On Tuesday, E. Jean Carroll’s second defamation trial begins. Carroll sued Donald Trump for defamation after he accused her of lying about sexually abusing her in a dressing room at Bergdorf Goodman’s in the mid-1990s, a claim for which a jury already found him liable last year. Although it was the first of two defamation cases against Trump to be filed, “Carroll I,” as it has been named, was initially delayed from being presented to a jury because of attempts by Trump to have it dismissed on technical legal grounds. But after a tortuous appellate journey, Carroll I survived to see another day. And now it’s ready for trial.
Carroll is seeking $10 million for harm to her reputation, as well as an unspecified amount of punitive damages.
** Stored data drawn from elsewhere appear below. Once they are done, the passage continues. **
lemma P_matrix_add_nonneg_diag:
  fixes A :: "real^'n::finite^'n"
  assumes "P_matrix A" and "\<And>i. 0 \<le> d i"
  shows "P_matrix (\<chi> i j. A$i$j + (if i = j then d i else 0))"
proof -
  have "\<forall>T. 0 < principal_minor (\<chi> i j. A$i$j + (if i = j \<and> i \<in> F then d i else 0)) T"
    if "finite F" for F
    using that
  proof (induction F rule: finite_induct)
    case empty
    then show ?case using P_matrix_principal_minor_pos[OF assms(1)] by (simp add: vec_eq_iff)
  next
    case (insert a F)
    let ?B = "\<chi> i j. A$i$j + (if i = j \<and> i \<in> F then d i else 0)"
    have diag_insert: "(\<chi> i j. A$i$j + (if i = j \<and> i \<in> insert a F then d i else 0))
        = (\<chi> i j. ?B$i$j + (if i = a \<and> j = a then d a else 0))"
      using insert.hyps(2) by (auto simp: vec_eq_iff)
    show ?case
    proof
      fix T
      have "0 < principal_minor ?B T" "0 \<le> d a * principal_minor ?B (T - {a})"
        using insert.IH[rule_format, of T] insert.IH[rule_format, of "T - {a}"] assms(2)[of a]
        by (simp_all add: less_imp_le)
      then show "0 < principal_minor (\<chi> i j. A$i$j + (if i = j \<and> i \<in> insert a F then d i else 0)) T"
        unfolding diag_insert principal_minor_add_diag_entry by simp
    qed
  qed
  from this[of UNIV] show ?thesis by (simp add: P_matrix_def)
qed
And for E. Jean Carroll, Carroll I, filed in 2019, has become somewhat of a legal lay-up. That’s because the presiding federal judge, Lewis A. Kaplan, ruled in September that because of a jury’s verdict in Carroll’s other defamation case that was filed in 2022 (referred to as “Carroll II”), Trump cannot argue that he did not defame Carroll. In fact, the only thing left now for a jury to decide in Carroll I is how much to award Carroll for the damages she suffered as a result of Trump’s defamation of her in 2019, when he was president. In the interest of full disclosure, I am good friends with Carroll. Regardless of our friendship, my legal analysis is based on the facts and case law.
Here’s a quick breakdown of the two cases:
Carroll I:
Filed by Carroll in November 2019 for defamatory statements made that year by then-President Trump, after Carroll came forward publicly with allegations that he had raped her in the mid-1990s. Because he was president at the time of the defamation and because then-Attorney General William Barr sided with Trump that he was acting within the bounds of his office when he made the defamatory statements, the Barr Justice Department inserted itself into the lawsuit on behalf of Trump, pursuant to a federal statute called the Westfall Act. If the DOJ’s substitution had proven to be successful, Trump would have been immune from Carroll’s civil claims and Carroll I would have been dismissed. Kaplan, however, rejected Trump’s defense and, eventually, the DOJ (under Attorney General Merrick Garland) reversed its position and determined that Trump was making his 2019 defamatory statements about Carroll in his personal capacity with no purpose to serve the U.S. government. The DOJ then withdrew its substitution in the lawsuit, leaving Trump to defend himself. Carroll is seeking $10 million for harm to her reputation, as well as an unspecified amount of punitive damages.
Carroll II:
Filed in late 2022 for defamatory statements made by Trump in that same year. Carroll II also included a claim for sexual assault, brought under the New York Adult Survivors Act. As Carroll I was winding its way through the appellate court system, Carroll II went to trial in May last year, with a jury deliberating for only about three hours before returning a verdict in Carroll’s favor on all counts. The jury found that Trump’s 2022 defamatory statement about Carroll was a lie and was made with actual malice. The jury also found Trump liable for sexually abusing Carroll. Carroll was awarded $5 million in damages: $2.02 million in compensatory and punitive damages for her battery claim and $2.98 in compensatory and punitive damages for her defamation claim. Trump has since appealed this verdict.
Effectively, because a jury of his peers has already determined that Trump lied in his 2022 defamatory statement about Carroll, and because that 2022 defamation is substantially the same as the 2019 defamation, the court ruled that the first jury’s findings of fact and determination of Trump’s liability control his liability in his second trial (Carroll I). Again, this means the only thing left for the jury to decide this week is the amount that Trump must pay Carroll in damages.
The legal theory that allows for this streamlining of Carroll I is called “collateral estoppel,” which is also referred to by lawyers as “issue preclusion.” It’s the idea that once an issue between parties has already been litigated and a final judgment has been entered, those parties are bound by that first judgment on the issue and re-litigating it is not permitted. As Kaplan wrote in his opinion granting partial summary judgment in favor of Carroll, “the jury considered and decided issues that are common to both cases.” Thus, in the case of Carroll and Trump, because a jury in her first trial found Trump liable for defamation and sexual abuse, he cannot now present a defense in his second defamation trial to relitigate these issues.
Trump has already tried to convince Kaplan to cap Carroll’s damages to the $5 million verdict that was rendered last year in Carroll II. His argument was that the second jury this week should be bound by the first jury’s decision on the amount. But Kaplan denied that move and said that Trump was trying to “mix apples with oranges.”